Segment Open

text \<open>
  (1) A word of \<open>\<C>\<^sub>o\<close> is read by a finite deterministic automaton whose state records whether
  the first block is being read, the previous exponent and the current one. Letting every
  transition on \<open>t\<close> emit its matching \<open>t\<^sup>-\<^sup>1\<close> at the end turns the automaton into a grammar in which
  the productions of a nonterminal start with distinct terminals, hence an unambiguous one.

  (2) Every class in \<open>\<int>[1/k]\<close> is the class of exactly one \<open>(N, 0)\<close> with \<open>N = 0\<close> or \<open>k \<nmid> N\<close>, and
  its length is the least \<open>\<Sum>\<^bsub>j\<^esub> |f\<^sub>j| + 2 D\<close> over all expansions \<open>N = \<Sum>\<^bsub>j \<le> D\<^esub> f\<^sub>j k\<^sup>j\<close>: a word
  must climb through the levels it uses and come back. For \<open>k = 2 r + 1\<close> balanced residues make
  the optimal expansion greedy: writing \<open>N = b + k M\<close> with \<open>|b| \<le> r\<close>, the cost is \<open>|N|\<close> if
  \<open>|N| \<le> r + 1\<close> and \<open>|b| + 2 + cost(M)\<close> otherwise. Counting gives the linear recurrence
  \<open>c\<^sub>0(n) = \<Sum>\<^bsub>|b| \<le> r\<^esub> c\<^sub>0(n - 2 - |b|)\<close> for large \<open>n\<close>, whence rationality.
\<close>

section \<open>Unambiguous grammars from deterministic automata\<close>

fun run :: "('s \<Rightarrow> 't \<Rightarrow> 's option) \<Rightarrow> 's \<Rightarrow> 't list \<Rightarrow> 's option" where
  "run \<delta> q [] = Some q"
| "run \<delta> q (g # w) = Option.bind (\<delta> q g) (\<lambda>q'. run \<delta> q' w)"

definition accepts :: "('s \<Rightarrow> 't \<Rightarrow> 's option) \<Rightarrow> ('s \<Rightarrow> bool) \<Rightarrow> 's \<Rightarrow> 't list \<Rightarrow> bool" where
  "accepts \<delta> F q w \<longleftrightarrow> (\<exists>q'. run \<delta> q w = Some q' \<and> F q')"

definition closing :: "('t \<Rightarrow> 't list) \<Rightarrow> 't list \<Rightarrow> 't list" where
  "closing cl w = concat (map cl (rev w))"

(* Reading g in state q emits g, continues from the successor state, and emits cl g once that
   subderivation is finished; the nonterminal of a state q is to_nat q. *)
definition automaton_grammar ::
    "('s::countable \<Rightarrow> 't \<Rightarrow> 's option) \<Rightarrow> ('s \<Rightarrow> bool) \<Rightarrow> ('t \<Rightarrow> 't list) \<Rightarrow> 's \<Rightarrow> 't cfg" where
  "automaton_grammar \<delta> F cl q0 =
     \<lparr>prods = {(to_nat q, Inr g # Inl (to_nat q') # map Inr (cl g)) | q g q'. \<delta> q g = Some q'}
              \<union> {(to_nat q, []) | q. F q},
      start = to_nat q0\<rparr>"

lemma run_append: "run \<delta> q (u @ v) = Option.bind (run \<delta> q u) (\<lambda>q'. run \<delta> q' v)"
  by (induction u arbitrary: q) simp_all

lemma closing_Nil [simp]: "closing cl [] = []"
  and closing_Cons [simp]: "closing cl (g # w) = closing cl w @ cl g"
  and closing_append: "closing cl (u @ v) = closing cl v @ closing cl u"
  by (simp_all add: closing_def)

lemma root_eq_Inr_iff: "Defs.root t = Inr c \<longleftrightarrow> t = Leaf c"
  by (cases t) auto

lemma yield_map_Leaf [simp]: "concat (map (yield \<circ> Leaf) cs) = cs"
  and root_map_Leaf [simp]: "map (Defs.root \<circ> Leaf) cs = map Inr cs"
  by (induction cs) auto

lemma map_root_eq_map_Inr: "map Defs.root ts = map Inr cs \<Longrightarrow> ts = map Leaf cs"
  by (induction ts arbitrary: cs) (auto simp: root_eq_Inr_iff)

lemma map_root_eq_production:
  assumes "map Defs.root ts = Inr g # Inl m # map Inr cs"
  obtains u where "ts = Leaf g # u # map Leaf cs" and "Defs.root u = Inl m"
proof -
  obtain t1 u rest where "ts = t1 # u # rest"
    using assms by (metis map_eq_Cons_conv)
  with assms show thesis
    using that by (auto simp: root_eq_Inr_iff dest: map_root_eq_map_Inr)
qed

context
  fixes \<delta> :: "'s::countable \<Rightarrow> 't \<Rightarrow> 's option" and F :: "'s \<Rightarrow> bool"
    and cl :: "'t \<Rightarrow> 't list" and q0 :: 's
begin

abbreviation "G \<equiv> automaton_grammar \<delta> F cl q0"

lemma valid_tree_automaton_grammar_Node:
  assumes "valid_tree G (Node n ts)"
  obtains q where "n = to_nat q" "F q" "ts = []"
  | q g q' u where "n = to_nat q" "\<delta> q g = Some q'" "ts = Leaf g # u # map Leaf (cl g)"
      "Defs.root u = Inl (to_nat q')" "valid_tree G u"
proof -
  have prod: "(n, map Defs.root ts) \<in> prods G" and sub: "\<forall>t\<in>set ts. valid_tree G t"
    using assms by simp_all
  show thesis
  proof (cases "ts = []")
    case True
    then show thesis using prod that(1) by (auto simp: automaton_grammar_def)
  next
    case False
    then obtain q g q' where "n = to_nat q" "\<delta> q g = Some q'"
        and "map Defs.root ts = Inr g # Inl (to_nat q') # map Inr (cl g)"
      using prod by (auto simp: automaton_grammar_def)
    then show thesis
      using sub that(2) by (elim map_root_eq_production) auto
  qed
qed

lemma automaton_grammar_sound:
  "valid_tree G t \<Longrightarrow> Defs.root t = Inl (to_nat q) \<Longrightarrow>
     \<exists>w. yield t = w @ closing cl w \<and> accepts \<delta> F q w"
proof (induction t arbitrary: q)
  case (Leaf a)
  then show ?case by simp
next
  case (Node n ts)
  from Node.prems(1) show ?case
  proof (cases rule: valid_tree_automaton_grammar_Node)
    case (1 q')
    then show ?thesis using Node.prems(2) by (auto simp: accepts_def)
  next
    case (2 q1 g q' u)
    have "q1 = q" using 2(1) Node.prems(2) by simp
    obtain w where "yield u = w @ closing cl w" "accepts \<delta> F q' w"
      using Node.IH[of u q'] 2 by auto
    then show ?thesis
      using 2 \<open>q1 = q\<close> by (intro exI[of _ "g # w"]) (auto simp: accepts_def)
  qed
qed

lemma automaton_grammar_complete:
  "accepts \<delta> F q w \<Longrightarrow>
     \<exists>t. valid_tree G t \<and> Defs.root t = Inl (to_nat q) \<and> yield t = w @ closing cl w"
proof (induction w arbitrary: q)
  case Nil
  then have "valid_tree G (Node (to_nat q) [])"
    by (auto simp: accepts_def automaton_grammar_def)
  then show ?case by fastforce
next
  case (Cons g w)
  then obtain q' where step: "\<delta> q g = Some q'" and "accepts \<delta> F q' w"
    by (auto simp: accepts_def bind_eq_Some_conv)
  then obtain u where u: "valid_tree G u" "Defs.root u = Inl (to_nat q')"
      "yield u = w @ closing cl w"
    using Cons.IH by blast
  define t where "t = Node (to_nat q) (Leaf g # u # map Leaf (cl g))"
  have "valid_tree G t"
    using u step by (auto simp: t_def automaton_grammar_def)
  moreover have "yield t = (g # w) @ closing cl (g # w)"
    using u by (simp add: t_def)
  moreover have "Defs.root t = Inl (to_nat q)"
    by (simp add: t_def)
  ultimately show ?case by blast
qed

Segment Closed

> Instructions to follow:
State the number of lines in the material above that hold the word "prods", adding nothing else.

> Solution to this task:
2